• **EXERCISE PROMPT**
Could you please retype all of the data below exactly?

• **EXTRACTED ENTRIES**
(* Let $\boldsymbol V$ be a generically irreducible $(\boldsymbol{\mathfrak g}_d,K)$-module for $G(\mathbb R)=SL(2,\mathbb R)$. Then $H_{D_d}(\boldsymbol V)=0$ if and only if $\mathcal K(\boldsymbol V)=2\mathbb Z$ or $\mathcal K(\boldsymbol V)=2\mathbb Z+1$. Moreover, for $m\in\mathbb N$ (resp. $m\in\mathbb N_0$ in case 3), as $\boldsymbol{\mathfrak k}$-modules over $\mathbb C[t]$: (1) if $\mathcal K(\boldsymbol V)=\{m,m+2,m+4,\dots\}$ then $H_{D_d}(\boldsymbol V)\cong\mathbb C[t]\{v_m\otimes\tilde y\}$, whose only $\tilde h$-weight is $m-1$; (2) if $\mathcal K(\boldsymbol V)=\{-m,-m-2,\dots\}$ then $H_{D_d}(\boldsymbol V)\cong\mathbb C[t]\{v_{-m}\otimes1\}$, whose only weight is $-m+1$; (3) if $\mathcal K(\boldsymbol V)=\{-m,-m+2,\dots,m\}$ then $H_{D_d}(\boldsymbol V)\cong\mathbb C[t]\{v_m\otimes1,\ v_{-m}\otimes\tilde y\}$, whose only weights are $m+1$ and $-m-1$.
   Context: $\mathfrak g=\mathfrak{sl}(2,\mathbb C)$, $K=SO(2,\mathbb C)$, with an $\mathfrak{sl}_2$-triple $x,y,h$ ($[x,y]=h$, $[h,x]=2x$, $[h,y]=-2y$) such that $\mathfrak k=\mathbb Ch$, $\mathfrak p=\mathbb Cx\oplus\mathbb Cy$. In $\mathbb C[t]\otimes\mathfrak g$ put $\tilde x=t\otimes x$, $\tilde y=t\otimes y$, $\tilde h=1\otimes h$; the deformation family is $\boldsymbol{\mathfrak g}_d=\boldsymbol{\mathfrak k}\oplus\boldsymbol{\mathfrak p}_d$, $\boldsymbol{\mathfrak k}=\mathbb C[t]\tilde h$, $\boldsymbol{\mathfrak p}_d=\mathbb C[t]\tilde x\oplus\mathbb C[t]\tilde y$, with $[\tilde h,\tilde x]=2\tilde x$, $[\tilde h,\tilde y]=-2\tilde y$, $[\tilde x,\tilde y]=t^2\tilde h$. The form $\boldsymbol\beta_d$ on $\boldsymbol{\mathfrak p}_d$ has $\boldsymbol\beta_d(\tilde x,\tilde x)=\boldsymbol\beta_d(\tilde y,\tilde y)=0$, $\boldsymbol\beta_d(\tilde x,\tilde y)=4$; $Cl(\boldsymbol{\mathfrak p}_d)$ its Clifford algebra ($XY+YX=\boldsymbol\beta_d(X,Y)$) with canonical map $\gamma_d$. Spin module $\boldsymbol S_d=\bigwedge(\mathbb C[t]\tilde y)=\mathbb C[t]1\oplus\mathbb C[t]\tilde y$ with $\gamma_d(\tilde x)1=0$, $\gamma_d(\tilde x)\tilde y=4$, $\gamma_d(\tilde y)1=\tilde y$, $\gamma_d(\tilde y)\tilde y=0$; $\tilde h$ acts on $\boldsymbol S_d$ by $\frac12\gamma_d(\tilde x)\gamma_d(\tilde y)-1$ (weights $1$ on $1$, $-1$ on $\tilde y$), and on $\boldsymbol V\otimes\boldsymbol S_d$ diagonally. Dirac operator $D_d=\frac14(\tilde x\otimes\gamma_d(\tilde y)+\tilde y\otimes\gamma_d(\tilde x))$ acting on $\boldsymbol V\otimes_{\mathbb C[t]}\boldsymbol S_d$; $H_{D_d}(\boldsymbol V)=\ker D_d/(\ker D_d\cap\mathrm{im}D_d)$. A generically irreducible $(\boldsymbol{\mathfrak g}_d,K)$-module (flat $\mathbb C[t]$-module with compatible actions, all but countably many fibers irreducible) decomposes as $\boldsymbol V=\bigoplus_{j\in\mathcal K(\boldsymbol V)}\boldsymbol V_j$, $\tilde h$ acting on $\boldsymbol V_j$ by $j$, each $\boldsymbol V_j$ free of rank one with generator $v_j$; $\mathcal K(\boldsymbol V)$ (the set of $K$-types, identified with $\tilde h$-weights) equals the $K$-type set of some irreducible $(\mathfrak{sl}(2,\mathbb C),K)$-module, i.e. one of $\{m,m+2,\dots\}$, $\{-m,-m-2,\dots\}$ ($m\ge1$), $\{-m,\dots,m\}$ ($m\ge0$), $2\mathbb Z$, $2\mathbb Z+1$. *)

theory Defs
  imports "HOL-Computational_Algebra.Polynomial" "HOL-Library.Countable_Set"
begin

• **TASK RESULT**
(* Let $\boldsymbol V$ be a generically irreducible $(\boldsymbol{\mathfrak g}_d,K)$-module for $G(\mathbb R)=SL(2,\mathbb R)$. Then $H_{D_d}(\boldsymbol V)=0$ if and only if $\mathcal K(\boldsymbol V)=2\mathbb Z$ or $\mathcal K(\boldsymbol V)=2\mathbb Z+1$. Moreover, for $m\in\mathbb N$ (resp. $m\in\mathbb N_0$ in case 3), as $\boldsymbol{\mathfrak k}$-modules over $\mathbb C[t]$: (1) if $\mathcal K(\boldsymbol V)=\{m,m+2,m+4,\dots\}$ then $H_{D_d}(\boldsymbol V)\cong\mathbb C[t]\{v_m\otimes\tilde y\}$, whose only $\tilde h$-weight is $m-1$; (2) if $\mathcal K(\boldsymbol V)=\{-m,-m-2,\dots\}$ then $H_{D_d}(\boldsymbol V)\cong\mathbb C[t]\{v_{-m}\otimes1\}$, whose only weight is $-m+1$; (3) if $\mathcal K(\boldsymbol V)=\{-m,-m+2,\dots,m\}$ then $H_{D_d}(\boldsymbol V)\cong\mathbb C[t]\{v_m\otimes1,\ v_{-m}\otimes\tilde y\}$, whose only weights are $m+1$ and $-m-1$.
   Context: $\mathfrak g=\mathfrak{sl}(2,\mathbb C)$, $K=SO(2,\mathbb C)$, with an $\mathfrak{sl}_2$-triple $x,y,h$ ($[x,y]=h$, $[h,x]=2x$, $[h,y]=-2y$) such that $\mathfrak k=\mathbb Ch$, $\mathfrak p=\mathbb Cx\oplus\mathbb Cy$. In $\mathbb C[t]\otimes\mathfrak g$ put $\tilde x=t\otimes x$, $\tilde y=t\otimes y$, $\tilde h=1\otimes h$; the deformation family is $\boldsymbol{\mathfrak g}_d=\boldsymbol{\mathfrak k}\oplus\boldsymbol{\mathfrak p}_d$, $\boldsymbol{\mathfrak k}=\mathbb C[t]\tilde h$, $\boldsymbol{\mathfrak p}_d=\mathbb C[t]\tilde x\oplus\mathbb C[t]\tilde y$, with $[\tilde h,\tilde x]=2\tilde x$, $[\tilde h,\tilde y]=-2\tilde y$, $[\tilde x,\tilde y]=t^2\tilde h$. The form $\boldsymbol\beta_d$ on $\boldsymbol{\mathfrak p}_d$ has $\boldsymbol\beta_d(\tilde x,\tilde x)=\boldsymbol\beta_d(\tilde y,\tilde y)=0$, $\boldsymbol\beta_d(\tilde x,\tilde y)=4$; $Cl(\boldsymbol{\mathfrak p}_d)$ its Clifford algebra ($XY+YX=\boldsymbol\beta_d(X,Y)$) with canonical map $\gamma_d$. Spin module $\boldsymbol S_d=\bigwedge(\mathbb C[t]\tilde y)=\mathbb C[t]1\oplus\mathbb C[t]\tilde y$ with $\gamma_d(\tilde x)1=0$, $\gamma_d(\tilde x)\tilde y=4$, $\gamma_d(\tilde y)1=\tilde y$, $\gamma_d(\tilde y)\tilde y=0$; $\tilde h$ acts on $\boldsymbol S_d$ by $\frac12\gamma_d(\tilde x)\gamma_d(\tilde y)-1$ (weights $1$ on $1$, $-1$ on $\tilde y$), and on $\boldsymbol V\otimes\boldsymbol S_d$ diagonally. Dirac operator $D_d=\frac14(\tilde x\otimes\gamma_d(\tilde y)+\tilde y\otimes\gamma_d(\tilde x))$ acting on $\boldsymbol V\otimes_{\mathbb C[t]}\boldsymbol S_d$; $H_{D_d}(\boldsymbol V)=\ker D_d/(\ker D_d\cap\mathrm{im}D_d)$. A generically irreducible $(\boldsymbol{\mathfrak g}_d,K)$-module (flat $\mathbb C[t]$-module with compatible actions, all but countably many fibers irreducible) decomposes as $\boldsymbol V=\bigoplus_{j\in\mathcal K(\boldsymbol V)}\boldsymbol V_j$, $\tilde h$ acting on $\boldsymbol V_j$ by $j$, each $\boldsymbol V_j$ free of rank one with generator $v_j$; $\mathcal K(\boldsymbol V)$ (the set of $K$-types, identified with $\tilde h$-weights) equals the $K$-type set of some irreducible $(\mathfrak{sl}(2,\mathbb C),K)$-module, i.e. one of $\{m,m+2,\dots\}$, $\{-m,-m-2,\dots\}$ ($m\ge1$), $\{-m,\dots,m\}$ ($m\ge0$), $2\mathbb Z$, $2\mathbb Z+1$. *)

theory Defs
  imports "HOL-Computational_Algebra.Polynomial" "HOL-Library.Countable_Set"
begin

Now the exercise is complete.